Definition of a concept is a business decision and a rule set by the business domain decision-maker.
By doing conceptual modeling you start understanding the domain-specific rules and its data structure, and that’s what Data Mesh is all about.
Ellie is a perfect match for Data Mesh
When you come up with documented business models of
We have developed Ellie exactly with that purpose in mind. You can create architecture, applications, and data platforms that are based on the language that the business uses.
And you can do it piece by piece, use case by use case. The models are all up to date and reusable, exactly what the Data Mesh approach expects models to be.
Ellie is fully cloud-based, so you can share all the models across your organization. One Ellie client has added more than 200 users into Ellie. First, this seems a bit odd: are there 200 data pros doing modeling in that organization? The answer is no: but there are 200 business domain experts who participate in defining the key concepts, and utilize the documented data structures in their daily work.
In Ellie, the business concepts, such as Customer and Product, are reusable.
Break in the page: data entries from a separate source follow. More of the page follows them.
(* For every positive integer $n$ there is a number $M$ such that for every prime $p>M$, the number $np$ satisfies Condition 1 with $p$ and another prime; that is, there is a prime $q\ne p$ such that for every integer $k$ with $1\le k\le np-1$, $\binom{np}{k}$ is divisible by $p$ or by $q$.
   Context: A positive integer $N$ satisfies Condition 1 with primes $p$ and $q$ if for all integers $k$ with $1\le k\le N-1$ the binomial coefficient $\binom{N}{k}$ is divisible by at least one of $p$ or $q$. *)

theory Defs
  imports "HOL-Computational_Algebra.Primes"
begin

definition condition1 :: "nat \<Rightarrow> nat \<Rightarrow> nat \<Rightarrow> bool" where
  "condition1 N p q \<longleftrightarrow>
     prime p \<and> prime q \<and> (\<forall>k. 1 \<le> k \<and> k \<le> N - 1 \<longrightarrow> p dvd (N choose k) \<or> q dvd (N choose k))"

end

theory Submission
  imports Defs "HOL-Number_Theory.Cong"
begin

text \<open>For a prime p > n!, p + 1 does not divide n!, so p + 1 has a prime power divisor
  Q = q^i exceeding n. Modulo Q we have p \<equiv> -1, hence n p \<equiv> Q - n and p j \<equiv> Q - j
  for 1 \<le> j < n: subtracting p j from n p in base Q produces a carry, and a carry forces
  q to divide binom(n p, p j), as in Kummer's theorem. For k not divisible by p the same
  carry criterion with Q = p gives p dvd binom(n p, k).\<close>

lemma prime_dvd_prime_power_choose:
  fixes q i l :: nat
  assumes q: "prime q" and l: "0 < l" "l < q ^ i"
  shows "q dvd (q ^ i choose l)"
proof (rule ccontr)
  assume "\<not> q dvd (q ^ i choose l)"
  hence "coprime (q ^ i) (q ^ i choose l)"
    using q by (simp add: prime_imp_coprime)
  moreover have "q ^ i dvd l * (q ^ i choose l)"
    using times_binomial_minus1_eq[OF l(1), of "q ^ i"] by simp
  ultimately have "q ^ i dvd l" by (simp add: coprime_dvd_mult_left_iff)
  thus False using l by (simp add: nat_dvd_not_less)
qed

text \<open>The coefficient form of (1 + x)^(q^i) \<equiv> 1 + x^(q^i) modulo q.\<close>

lemma choose_cong_choose_diff_prime_power:
  fixes q i N m :: nat
  assumes q: "prime q" and NQ: "q ^ i \<le> N"
  shows "[N choose m = ((N - q ^ i) choose m)
            + (if q ^ i \<le> m then (N - q ^ i) choose (m - q ^ i) else 0)] (mod q)"
proof -
  define Q where "Q = q ^ i"
  have Q: "0 < Q" using q by (simp add: Q_def prime_gt_0_nat)
  have "N choose m = (\<Sum>l\<le>m. (Q choose l) * ((N - Q) choose (m - l)))"
    using vandermonde[of Q "N - Q" m] NQ by (simp add: Q_def)
  also have "[\<dots> = (\<Sum>l\<le>m. (if l = 0 then (N - Q) choose m else 0)
                     + (if l = Q then (N - Q) choose (m - Q) else 0))] (mod q)"
  proof (rule cong_sum)
    fix l assume "l \<in> {..m}"
    consider "l = 0" | "0 < l" "l < Q" | "l = Q" | "Q < l" by linarith
    thus "[(Q choose l) * ((N - Q) choose (m - l))
          = (if l = 0 then (N - Q) choose m else 0)
            + (if l = Q then (N - Q) choose (m - Q) else 0)] (mod q)"
    proof cases
      case 2
      hence "q dvd (Q choose l) * ((N - Q) choose (m - l))"
        using prime_dvd_prime_power_choose[OF q] by (simp add: Q_def)
      thus ?thesis using 2 by (simp add: cong_0_iff)
    qed (use Q in \<open>auto simp: binomial_eq_0\<close>)
  qed
  also have "(\<Sum>l\<le>m. (if l = 0 then (N - Q) choose m else 0)
               + (if l = Q then (N - Q) choose (m - Q) else 0))
             = ((N - Q) choose m) + (if Q \<le> m then (N - Q) choose (m - Q) else 0)"
    by (simp add: sum.distrib)
  finally show ?thesis by (simp only: Q_def)
qed

lemma prime_dvd_choose_if_mod_prime_power_less:
  fixes q i N m :: nat
  assumes q: "prime q" and carry: "N mod q ^ i < m mod q ^ i"
  shows "q dvd (N choose m)"
  using carry
proof (induction N arbitrary: m rule: less_induct)
  case (less N)
  let ?Q = "q ^ i"
  have Q: "0 < ?Q" using q by (simp add: prime_gt_0_nat)
  show ?case
  proof (cases "?Q \<le> N")
    case False
    hence "N mod ?Q = N" by simp
    hence "N < m" using less.prems mod_less_eq_dividend[of m ?Q] by linarith
    thus ?thesis by (simp add: binomial_eq_0)
  next
    case True
    have "N - ?Q < N" using Q True by linarith
    hence IH: "q dvd ((N - ?Q) choose m')" if "m' mod ?Q = m mod ?Q" for m'
      using less.IH[of "N - ?Q" m'] less.prems that True by (simp add: le_mod_geq)
    have "q dvd ((N - ?Q) choose m)
            + (if ?Q \<le> m then (N - ?Q) choose (m - ?Q) else 0)"
      using IH[of m] IH[of "m - ?Q"] by (simp add: le_mod_geq)
    thus ?thesis
      using choose_cong_choose_diff_prime_power[OF q True, of m]
      by (simp add: cong_dvd_iff)
  qed
qed

lemma mult_mod_eq_diff_if_dvd_Suc:
  fixes p j Q :: nat
  assumes "Q dvd p + 1" "0 < j" "j < Q"
  shows "(p * j) mod Q = Q - j"
proof -
  have "[p * j + j = 0] (mod Q)"
    using assms(1) dvd_mult2[of Q "p + 1" j] by (simp add: cong_0_iff algebra_simps)
  moreover have "[(Q - j) + j = 0] (mod Q)"
    using assms(3) by (simp add: cong_0_iff)
  ultimately have "[p * j = Q - j] (mod Q)"
    by (metis cong_add_rcancel_nat cong_sym cong_trans)
  thus ?thesis using assms(2,3) by (simp add: cong_def)
qed

lemma prime_power_dvd_gt_if_not_dvd_fact:
  fixes m n :: nat
  assumes "m \<noteq> 0" "\<not> m dvd fact n"
  shows "\<exists>q i. prime q \<and> q ^ i dvd m \<and> n < q ^ i"
proof (rule ccontr)
  assume small: "\<not> ?thesis"
  have "m dvd fact n"
  proof (rule multiplicity_le_imp_dvd[OF assms(1)])
    fix q :: nat assume q: "prime q"
    have "q ^ multiplicity q m \<le> n"
      using small q multiplicity_dvd[of q m] by (meson not_less)
    hence "q ^ multiplicity q m dvd fact n"
      using q by (simp add: dvd_fact prime_gt_0_nat Suc_leI)
    thus "multiplicity q m \<le> multiplicity q (fact n)"
      using q by (intro multiplicity_geI) (auto simp: fact_nonzero)
  qed
  thus False using assms(2) by contradiction
qed

lemma condition1_mult_prime:
  fixes n p q i :: nat
  assumes p: "prime p" and q: "prime q"
    and Q: "q ^ i dvd p + 1" "n < q ^ i"
  shows "condition1 (n * p) p q"
  unfolding condition1_def
proof (intro conjI p q allI impI)
  fix k assume k: "1 \<le> k \<and> k \<le> n * p - 1"
  show "p dvd (n * p choose k) \<or> q dvd (n * p choose k)"
  proof (cases "p dvd k")
    case False
    hence "(n * p) mod p ^ 1 < k mod p ^ 1" by (simp add: dvd_eq_mod_eq_0)
    thus ?thesis using prime_dvd_choose_if_mod_prime_power_less[OF p] by blast
  next
    case True
    then obtain j where kj: "k = p * j" by (elim dvdE)
    have "k < n * p" using k by linarith
    hence "p * j < p * n" using kj by (simp add: mult.commute)
    hence j: "0 < j" "j < n" using k kj by auto
    have "(n * p) mod q ^ i < k mod q ^ i"
      using mult_mod_eq_diff_if_dvd_Suc[OF Q(1), of n] mult_mod_eq_diff_if_dvd_Suc[OF Q(1) j(1)]
        j Q(2) kj by (simp add: mult.commute)
    thus ?thesis using prime_dvd_choose_if_mod_prime_power_less[OF q] by blast
  qed
qed

theorem mainTheorem2:
  fixes n :: nat
  assumes "n \<ge> 1"
  shows "\<exists>M. \<forall>p. prime p \<and> p > M \<longrightarrow>
           (\<exists>q. prime q \<and> q \<noteq> p \<and> condition1 (n * p) p q)"
proof (rule exI[of _ "fact n"], intro allI impI)
  fix p :: nat
  assume "prime p \<and> p > fact n"
  hence p: "prime p" and large: "fact n < p" by auto
  have "\<not> p + 1 dvd fact n"
    using large by (auto dest: dvd_imp_le)
  then obtain q i where q: "prime q" and Q: "q ^ i dvd p + 1" "n < q ^ i"
    using prime_power_dvd_gt_if_not_dvd_fact[of "p + 1" n] by auto
  have "i \<noteq> 0" using Q(2) assms by (cases i) auto
  hence "q dvd p + 1" using Q(1) dvd_power dvd_trans by blast
  hence "q \<noteq> p" using p by (metis dvd_add_right_iff dvd_refl nat_dvd_1_iff_1 not_prime_1)
  thus "\<exists>q. prime q \<and> q \<noteq> p \<and> condition1 (n * p) p q"
    using q condition1_mult_prime[OF p q Q] by blast
qed

end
Once you’ve defined them, you can use them in different models.
The most useful thing in Ellie is that you get things done with it. It’s an easy to use data modeling tool that the work actually proceeds, which is not very often the case when you deal with Enterprise Architecture or reverse engineering.
Even if Data Mesh wouldn’t be your flavor of choice, the thinking behind it is sound. Getting familiar with its basics is recommended for all data professionals.